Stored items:
----------

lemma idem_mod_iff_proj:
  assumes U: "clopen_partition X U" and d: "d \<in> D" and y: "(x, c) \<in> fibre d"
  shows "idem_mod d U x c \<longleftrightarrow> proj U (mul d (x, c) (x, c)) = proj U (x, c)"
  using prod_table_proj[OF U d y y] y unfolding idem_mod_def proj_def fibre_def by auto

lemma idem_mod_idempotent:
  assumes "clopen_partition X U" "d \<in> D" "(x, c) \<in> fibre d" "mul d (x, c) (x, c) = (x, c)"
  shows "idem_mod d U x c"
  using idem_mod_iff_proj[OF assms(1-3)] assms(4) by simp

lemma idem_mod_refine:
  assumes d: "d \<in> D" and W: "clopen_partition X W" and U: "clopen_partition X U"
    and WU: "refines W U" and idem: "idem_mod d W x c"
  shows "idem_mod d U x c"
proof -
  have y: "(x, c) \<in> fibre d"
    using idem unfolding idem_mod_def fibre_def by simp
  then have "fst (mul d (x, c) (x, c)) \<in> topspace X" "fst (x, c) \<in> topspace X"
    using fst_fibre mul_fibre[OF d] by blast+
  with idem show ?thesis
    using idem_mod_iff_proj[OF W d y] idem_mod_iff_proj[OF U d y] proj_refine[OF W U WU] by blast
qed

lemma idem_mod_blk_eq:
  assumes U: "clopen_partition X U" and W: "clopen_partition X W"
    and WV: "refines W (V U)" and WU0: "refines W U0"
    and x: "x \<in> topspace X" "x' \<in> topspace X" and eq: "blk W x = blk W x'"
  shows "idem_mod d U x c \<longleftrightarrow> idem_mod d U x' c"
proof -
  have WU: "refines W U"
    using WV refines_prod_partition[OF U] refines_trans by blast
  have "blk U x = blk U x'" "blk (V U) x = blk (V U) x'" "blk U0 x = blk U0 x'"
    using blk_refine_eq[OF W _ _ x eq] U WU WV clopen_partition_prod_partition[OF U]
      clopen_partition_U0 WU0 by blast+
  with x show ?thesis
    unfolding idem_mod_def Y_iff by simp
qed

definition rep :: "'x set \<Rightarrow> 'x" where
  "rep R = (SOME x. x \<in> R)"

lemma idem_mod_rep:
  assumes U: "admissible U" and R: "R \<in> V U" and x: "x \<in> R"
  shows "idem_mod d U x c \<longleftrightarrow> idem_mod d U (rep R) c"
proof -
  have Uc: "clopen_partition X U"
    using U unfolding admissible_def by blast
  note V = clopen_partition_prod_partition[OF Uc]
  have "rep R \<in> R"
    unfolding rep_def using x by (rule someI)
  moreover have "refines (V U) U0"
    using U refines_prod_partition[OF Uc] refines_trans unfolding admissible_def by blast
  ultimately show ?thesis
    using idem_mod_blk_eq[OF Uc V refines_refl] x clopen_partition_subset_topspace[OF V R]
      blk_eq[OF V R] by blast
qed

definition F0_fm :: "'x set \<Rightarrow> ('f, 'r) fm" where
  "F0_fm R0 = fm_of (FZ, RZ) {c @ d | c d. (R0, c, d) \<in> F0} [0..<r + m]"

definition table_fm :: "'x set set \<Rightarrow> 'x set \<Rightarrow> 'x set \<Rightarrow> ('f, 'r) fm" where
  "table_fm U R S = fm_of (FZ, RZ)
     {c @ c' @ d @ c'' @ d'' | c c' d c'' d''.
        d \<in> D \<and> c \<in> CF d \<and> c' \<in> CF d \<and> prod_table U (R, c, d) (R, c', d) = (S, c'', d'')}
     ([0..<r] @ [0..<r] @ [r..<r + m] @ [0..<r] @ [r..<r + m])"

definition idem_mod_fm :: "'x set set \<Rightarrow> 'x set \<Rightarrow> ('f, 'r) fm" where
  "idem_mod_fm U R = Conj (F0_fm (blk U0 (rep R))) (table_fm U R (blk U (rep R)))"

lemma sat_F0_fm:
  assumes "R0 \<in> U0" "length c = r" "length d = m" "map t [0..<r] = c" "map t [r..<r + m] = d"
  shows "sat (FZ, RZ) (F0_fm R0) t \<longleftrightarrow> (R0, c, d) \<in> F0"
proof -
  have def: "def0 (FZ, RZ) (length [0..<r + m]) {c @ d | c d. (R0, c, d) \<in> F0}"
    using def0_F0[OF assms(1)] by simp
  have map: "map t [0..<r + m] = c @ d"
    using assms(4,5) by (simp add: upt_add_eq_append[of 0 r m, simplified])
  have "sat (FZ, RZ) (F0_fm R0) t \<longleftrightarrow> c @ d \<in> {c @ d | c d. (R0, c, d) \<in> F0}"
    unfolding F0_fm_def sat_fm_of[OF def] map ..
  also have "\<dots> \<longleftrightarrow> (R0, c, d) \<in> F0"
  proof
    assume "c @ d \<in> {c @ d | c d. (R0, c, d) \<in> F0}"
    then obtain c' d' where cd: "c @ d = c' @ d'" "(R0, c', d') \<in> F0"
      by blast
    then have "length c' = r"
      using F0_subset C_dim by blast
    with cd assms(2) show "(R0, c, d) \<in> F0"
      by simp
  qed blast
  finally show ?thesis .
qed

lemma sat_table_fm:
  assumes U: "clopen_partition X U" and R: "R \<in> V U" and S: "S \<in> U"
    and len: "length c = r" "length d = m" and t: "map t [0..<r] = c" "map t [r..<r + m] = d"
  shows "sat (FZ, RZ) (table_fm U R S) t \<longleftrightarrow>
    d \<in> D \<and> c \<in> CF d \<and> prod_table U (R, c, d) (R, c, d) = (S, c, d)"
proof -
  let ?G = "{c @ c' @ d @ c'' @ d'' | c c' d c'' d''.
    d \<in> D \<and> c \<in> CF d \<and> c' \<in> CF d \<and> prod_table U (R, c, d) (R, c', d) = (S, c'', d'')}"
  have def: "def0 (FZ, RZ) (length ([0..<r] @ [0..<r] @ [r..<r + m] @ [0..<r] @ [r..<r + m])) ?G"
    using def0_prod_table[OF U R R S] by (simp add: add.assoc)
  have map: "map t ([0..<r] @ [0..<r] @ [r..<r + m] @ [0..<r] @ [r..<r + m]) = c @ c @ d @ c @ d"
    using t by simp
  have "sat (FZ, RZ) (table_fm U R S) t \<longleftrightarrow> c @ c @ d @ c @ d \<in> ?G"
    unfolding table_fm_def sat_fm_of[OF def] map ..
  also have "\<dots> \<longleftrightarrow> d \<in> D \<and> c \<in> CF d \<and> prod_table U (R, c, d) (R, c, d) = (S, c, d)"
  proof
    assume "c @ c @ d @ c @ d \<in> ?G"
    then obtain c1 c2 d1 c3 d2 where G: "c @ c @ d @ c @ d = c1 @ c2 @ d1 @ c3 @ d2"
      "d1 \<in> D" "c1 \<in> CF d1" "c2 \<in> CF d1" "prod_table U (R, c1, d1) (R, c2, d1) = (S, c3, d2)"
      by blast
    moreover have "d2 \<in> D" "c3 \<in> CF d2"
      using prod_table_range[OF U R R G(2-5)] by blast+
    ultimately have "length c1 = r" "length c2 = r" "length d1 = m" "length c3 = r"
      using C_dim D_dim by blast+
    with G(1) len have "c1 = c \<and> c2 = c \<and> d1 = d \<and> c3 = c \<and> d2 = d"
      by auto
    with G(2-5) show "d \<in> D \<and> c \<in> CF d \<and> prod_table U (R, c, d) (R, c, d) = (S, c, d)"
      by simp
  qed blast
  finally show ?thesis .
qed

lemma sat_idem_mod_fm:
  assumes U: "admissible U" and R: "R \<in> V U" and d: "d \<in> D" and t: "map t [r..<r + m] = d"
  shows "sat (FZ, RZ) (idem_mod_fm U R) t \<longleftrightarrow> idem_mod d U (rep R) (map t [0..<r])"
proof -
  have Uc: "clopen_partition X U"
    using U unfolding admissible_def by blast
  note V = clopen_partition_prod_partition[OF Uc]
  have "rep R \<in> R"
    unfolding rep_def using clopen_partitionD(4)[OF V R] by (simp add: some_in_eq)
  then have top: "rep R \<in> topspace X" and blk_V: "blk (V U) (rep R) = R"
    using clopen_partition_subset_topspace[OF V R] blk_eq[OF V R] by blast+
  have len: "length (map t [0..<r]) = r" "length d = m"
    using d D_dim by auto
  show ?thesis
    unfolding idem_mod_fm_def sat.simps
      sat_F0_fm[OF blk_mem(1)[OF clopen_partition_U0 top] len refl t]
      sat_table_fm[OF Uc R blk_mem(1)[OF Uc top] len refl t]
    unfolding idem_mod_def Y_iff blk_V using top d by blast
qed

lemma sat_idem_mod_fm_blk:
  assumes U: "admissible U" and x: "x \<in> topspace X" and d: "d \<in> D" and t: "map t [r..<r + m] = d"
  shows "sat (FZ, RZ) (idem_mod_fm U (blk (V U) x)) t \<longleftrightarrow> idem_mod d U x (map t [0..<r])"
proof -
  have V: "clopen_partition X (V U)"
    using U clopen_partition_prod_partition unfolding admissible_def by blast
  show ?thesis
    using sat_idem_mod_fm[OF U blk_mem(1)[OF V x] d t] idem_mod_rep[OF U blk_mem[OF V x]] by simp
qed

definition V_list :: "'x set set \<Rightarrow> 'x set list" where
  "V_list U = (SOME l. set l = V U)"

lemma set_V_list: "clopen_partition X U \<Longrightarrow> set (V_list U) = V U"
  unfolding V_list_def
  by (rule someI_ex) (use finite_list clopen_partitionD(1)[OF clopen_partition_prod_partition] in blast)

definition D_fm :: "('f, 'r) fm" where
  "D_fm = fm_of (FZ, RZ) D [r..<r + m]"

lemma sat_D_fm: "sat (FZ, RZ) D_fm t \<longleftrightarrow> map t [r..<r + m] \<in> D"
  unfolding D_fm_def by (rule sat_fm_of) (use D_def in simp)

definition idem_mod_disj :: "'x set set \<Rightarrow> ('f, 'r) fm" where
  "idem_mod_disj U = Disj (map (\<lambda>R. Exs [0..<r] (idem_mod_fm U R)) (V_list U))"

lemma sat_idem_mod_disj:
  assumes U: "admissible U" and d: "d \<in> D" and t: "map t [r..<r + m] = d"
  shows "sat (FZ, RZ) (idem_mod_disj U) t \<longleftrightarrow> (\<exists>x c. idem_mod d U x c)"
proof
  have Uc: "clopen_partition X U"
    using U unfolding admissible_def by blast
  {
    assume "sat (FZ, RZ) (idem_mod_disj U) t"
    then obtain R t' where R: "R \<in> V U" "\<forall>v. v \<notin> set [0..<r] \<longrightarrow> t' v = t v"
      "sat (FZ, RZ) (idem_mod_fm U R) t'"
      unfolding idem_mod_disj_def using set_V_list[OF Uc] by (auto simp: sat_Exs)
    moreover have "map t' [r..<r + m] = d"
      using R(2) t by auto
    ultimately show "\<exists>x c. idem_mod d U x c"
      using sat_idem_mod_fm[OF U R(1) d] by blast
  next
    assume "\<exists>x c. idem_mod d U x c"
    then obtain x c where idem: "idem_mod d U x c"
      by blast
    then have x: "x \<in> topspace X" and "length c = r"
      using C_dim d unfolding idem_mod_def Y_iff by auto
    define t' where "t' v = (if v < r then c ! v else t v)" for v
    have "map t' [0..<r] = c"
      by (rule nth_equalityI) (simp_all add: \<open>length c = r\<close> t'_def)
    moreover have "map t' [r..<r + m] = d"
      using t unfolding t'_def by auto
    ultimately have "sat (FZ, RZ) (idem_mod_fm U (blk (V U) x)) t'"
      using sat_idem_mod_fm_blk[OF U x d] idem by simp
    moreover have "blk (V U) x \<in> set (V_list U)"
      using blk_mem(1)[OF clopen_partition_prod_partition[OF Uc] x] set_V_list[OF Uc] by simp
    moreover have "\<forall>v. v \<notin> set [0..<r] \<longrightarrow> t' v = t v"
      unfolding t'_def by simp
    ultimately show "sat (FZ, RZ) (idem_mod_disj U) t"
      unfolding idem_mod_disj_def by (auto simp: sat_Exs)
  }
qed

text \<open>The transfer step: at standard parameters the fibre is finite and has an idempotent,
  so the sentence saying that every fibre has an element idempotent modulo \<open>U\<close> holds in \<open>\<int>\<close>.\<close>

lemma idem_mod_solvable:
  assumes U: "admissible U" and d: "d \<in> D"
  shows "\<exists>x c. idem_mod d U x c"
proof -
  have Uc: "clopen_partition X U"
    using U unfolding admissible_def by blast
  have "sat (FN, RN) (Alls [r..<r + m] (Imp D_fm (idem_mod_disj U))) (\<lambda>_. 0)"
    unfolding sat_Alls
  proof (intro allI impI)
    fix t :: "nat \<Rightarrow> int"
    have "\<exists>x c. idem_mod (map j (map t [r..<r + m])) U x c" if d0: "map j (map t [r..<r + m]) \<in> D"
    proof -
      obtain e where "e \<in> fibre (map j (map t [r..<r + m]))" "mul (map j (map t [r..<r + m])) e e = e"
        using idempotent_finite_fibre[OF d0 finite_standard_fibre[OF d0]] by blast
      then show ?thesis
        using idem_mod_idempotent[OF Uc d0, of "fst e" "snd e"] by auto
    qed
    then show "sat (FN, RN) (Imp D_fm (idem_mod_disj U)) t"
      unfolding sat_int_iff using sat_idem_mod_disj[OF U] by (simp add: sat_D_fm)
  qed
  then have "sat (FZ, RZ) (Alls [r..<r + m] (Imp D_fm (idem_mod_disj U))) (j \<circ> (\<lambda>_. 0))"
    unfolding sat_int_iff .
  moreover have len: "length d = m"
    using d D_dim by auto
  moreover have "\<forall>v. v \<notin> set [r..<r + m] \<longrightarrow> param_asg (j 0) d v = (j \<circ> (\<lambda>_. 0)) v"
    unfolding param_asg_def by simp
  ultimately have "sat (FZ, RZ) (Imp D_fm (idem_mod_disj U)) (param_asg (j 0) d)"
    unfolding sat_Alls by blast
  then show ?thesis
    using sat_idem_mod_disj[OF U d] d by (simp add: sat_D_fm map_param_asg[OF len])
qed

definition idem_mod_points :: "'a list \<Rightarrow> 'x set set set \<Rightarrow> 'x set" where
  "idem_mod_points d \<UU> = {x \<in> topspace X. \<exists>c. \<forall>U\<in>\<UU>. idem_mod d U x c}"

----------

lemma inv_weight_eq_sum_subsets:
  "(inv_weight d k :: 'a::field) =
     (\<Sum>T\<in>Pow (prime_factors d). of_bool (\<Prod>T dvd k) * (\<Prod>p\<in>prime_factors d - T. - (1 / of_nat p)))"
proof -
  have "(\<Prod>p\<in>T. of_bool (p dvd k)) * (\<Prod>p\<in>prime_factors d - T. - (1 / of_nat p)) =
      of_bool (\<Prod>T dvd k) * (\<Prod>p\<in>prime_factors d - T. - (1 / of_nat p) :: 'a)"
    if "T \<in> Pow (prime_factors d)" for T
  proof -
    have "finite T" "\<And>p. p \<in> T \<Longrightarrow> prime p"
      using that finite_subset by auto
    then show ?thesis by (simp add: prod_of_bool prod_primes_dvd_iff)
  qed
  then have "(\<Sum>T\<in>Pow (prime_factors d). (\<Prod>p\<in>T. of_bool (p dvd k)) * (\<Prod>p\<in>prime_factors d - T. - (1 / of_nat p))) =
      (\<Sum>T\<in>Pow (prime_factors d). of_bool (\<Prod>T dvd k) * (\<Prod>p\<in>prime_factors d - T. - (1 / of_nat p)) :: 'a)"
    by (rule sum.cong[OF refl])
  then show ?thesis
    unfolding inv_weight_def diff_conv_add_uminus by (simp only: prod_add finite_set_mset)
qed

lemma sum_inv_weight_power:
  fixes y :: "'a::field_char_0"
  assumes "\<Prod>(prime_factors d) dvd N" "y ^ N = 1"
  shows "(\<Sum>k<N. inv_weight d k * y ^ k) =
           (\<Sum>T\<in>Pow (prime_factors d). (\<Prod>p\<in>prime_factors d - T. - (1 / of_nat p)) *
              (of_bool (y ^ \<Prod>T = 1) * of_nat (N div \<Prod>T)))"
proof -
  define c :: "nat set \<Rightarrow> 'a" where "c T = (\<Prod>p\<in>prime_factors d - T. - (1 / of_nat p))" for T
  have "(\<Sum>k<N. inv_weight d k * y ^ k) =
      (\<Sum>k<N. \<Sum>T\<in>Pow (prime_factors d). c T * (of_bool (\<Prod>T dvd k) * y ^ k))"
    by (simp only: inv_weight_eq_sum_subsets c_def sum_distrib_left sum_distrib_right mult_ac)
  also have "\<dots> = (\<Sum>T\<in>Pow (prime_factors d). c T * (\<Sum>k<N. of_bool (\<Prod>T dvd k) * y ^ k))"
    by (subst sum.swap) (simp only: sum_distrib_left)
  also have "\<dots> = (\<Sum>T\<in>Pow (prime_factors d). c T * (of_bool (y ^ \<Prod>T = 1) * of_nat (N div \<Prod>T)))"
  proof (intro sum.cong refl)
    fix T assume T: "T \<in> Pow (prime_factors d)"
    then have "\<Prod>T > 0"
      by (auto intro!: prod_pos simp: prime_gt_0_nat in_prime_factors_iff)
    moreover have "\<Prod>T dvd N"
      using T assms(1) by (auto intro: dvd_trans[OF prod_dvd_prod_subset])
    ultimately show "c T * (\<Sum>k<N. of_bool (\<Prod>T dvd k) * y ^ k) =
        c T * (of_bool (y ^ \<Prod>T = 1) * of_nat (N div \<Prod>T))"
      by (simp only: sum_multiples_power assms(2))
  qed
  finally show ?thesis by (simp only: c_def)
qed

----------

→ **ASSIGNMENT**
Filter the records above for lines containing the word "lambda", and copy those lines.

→ **ANSWER**
  "idem_mod_disj U = Disj (map (\<lambda>R. Exs [0..<r] (idem_mod_fm U R)) (V_list U))"
  have "sat (FN, RN) (Alls [r..<r + m] (Imp D_fm (idem_mod_disj U))) (\<lambda>_. 0)"
  then have "sat (FZ, RZ) (Alls [r..<r + m] (Imp D_fm (idem_mod_disj U))) (j \<circ> (\<lambda>_. 0))"
  moreover have "\<forall>v. v \<notin> set [r..<r + m] \<longrightarrow> param_asg (j 0) d v = (j \<circ> (\<lambda>_. 0)) v"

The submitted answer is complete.